Which she says to Kent, and he nods amicably. Why, she thinks, would anybody want kids? They always seemed like… an inevitable disaster, something you had to work harder to escape than obtain.
And then she remembers being a young girl, before she learned about all the reasons she shouldn’t want them, picking out her future children’s names, imagining their hopes and dreams and hobbies. Rarely did she picture them as babies; she wanted them to be growing, confident and strong, into adulthood, taking big bites out of the future.
And she thinks that Kent as a father would be very, very different than the people who raised her.
It becomes a subject of discussion between them, all the reasons they’re afraid to be parents, and the things they’d do differently with children of their own, fed by close observations of coworkers’ children, by Kent’s godchildren and nieces, by Andy’s work with young athletes and their parents. The laborious set of assumptions around children becomes a little lighter for Andy.
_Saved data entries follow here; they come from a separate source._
text \<open>The pairs of \<open>1\<close>'s at the distances in \<open>D\<close> cost at least \<open>3 (1 - \<phi>) c / (8 n)\<close> per
  site, which pays for the error \<open>O(lam / n)\<close> in the perturbed pattern energies.\<close>

lemma energy_density_perturbed_slope:
  fixes \<phi> \<alpha> lam c :: real and m n :: nat and \<Phi> :: "pattern \<Rightarrow> real"
  defines "\<psi> \<equiv> \<phi> - 1 / real n" and "H \<equiv> H_alpha \<phi> m \<alpha>"
  assumes irr: "\<phi> \<notin> \<rat>" and ph: "\<phi> < 1" and n: "n \<ge> 1" "\<psi> > 0" and W: "sturmian \<psi> W"
    and P: "finite P" and pert: "perturbation lam P H \<Phi>"
    and D: "finite D" "\<And>d. d \<in> D \<Longrightarrow> good_distance \<phi> n d"
    and weight: "c / real n \<le> (\<Sum>d\<in>D. 1 / real d powr \<alpha>)"
    and margin: "lam * (\<Sum>p\<in>P. 6 * real (pattern_size p)) \<le> 3 * (1 - \<phi>) / 8 * c"
  shows "ereal (\<Sum>p\<in>P. (\<Phi> p - H p) * pattern_frequency \<phi> p) \<le> energy_density \<Phi> W"
proof -
  have "1 / real n > 0" using n by simp
  then have \<psi>: "\<psi> < 1" "\<psi> \<le> \<phi>" using ph unfolding \<psi>_def by linarith+
  have irr\<psi>: "\<psi> \<notin> \<rat>"
  proof
    assume "\<psi> \<in> \<rat>"
    then have "\<psi> + 1 / real n \<in> \<rat>" by simp
    then show False using irr by (simp add: \<psi>_def)
  qed
  have out: "\<And>q. q \<notin> P \<Longrightarrow> \<Phi> q = H q" and close: "\<And>p. p \<in> P \<Longrightarrow> \<bar>\<Phi> p - H p\<bar> \<le> lam"
    using pert by (auto simp: perturbation_def abs_minus_commute less_imp_le)
  have "density_at_least (\<lambda>k. \<Sum>p\<in>P. (\<Phi> p - H p) * real (occurrences W p k))
      (\<Sum>p\<in>P. (\<Phi> p - H p) * pattern_frequency \<phi> p - lam * (6 * real (pattern_size p)) / real n)"
    using P close n irr\<psi> W unfolding \<psi>_def
    by (intro density_at_least_sum density_at_least_perturbation_slope_change) auto
  moreover have "seg_energy \<Phi> W = (\<lambda>k. seg_energy H W k + (\<Sum>p\<in>P. (\<Phi> p - H p) * real (occurrences W p k)))"
    using P out by (intro ext seg_energy_perturbation)
  ultimately have "density_at_least (seg_energy \<Phi> W)
      ((\<Sum>d\<in>D. 1 / real d powr \<alpha>) * (3 * (1 - \<phi>) / 8)
        + (\<Sum>p\<in>P. (\<Phi> p - H p) * pattern_frequency \<phi> p - lam * (6 * real (pattern_size p)) / real n))"
    using density_at_least_pair_energy[OF irr\<psi>[unfolded \<psi>_def] n(2)[unfolded \<psi>_def] \<psi>[unfolded \<psi>_def]
        W[unfolded \<psi>_def] D] unfolding H_def by (simp add: density_at_least_add)
  moreover have "lam * (\<Sum>p\<in>P. 6 * real (pattern_size p)) / real n \<le> 3 * (1 - \<phi>) / 8 * c / real n"
    using margin by (rule divide_right_mono) simp
  moreover have "3 * (1 - \<phi>) / 8 * c / real n \<le> (\<Sum>d\<in>D. 1 / real d powr \<alpha>) * (3 * (1 - \<phi>) / 8)"
  proof -
    have "3 * (1 - \<phi>) / 8 * (c / real n) \<le> 3 * (1 - \<phi>) / 8 * (\<Sum>d\<in>D. 1 / real d powr \<alpha>)"
      using weight ph by (intro mult_left_mono) auto
    then show ?thesis by (simp add: ac_simps)
  qed
  ultimately show ?thesis
    by (intro energy_density_ge) (elim density_at_least_mono, auto simp: sum_subtractf sum_divide_distrib[symmetric] sum_distrib_left[symmetric])
qed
Kent tries very hard to keep his chill but honestly–when Andy gets pregnant, he is thrilled. As much as he knows his own father dumped him, and good riddance… unless he fucks things up really bad, he’s always going to be a part of this child’s life. No matter what, he’ll always have a role here. And that’s exactly what he’s always wanted. He goes into the as-yet unoccupied nursery sometimes and makes silent promises. I’ll let you dye your hair if you want. I’ll be happy if you grow up to be a garbage collector. You’re going to grow up knowing that we’ll support you 100% if you’re gay or a different gender than we thought. I just want to love you.
And anyway, he got to be a martyr for a worthy cause after all; the Aces had traditionally defined “paternity leave” as a maximum of three missed games directly surrounding the birth of a child. That’s the first piece of bullshit he sics his agent on Andy tells him she’s expecting–and the new head coach still acts hurt and surprised when Kent doesn’t report for training camp in August, because of a child born in July.
Andy says that not many other players could win that kind of fight against management, but he manages it both because he’s a player of exceptionally high calibre, and because public opinion is on his side; Kent thinks he wins because they realize that if they said that he would have to choose between being the father he wants to be and never playing hockey again, he would pick up the baby and leave, and they know better than to bully a man who can call their bluff.
“You wanted this,” Andy says unwisely, as he pads down the hallway with a screaming child on his shoulder. “You went out of your way for this.” But she hands him a travel mug of coffee to sip as he does so.
But he did; he really, really did. And he made the right choice.
They surface, somewhat, the next summer; he gets back in condition for hockey, and she agrees to set the date for the wedding, two years hence. These things take a long time to arrange.
(I don’t know much about that baby. I’ve thought a few times that Andy would be a good mother for Sophie Parson; on the other hand, I can also picture these two with a small, serious boy who watches figure skaters with stars in his eyes, or a lot of other possibilities. But I do know–)
Their wedding is perfected by a three-year-old whose official role in the ceremony is brief and largely based around their proclivity to walk towards Mommy and Daddy; while the boring adult stuff is going on, the kid sits down at the front of the crowd and plays with a toy truck. At one point they get bored and want to be held; Kent kisses his wife with his child on his hip.
And there are… a lot of worse plausible futures all of them could have dreamed for themselves, than this.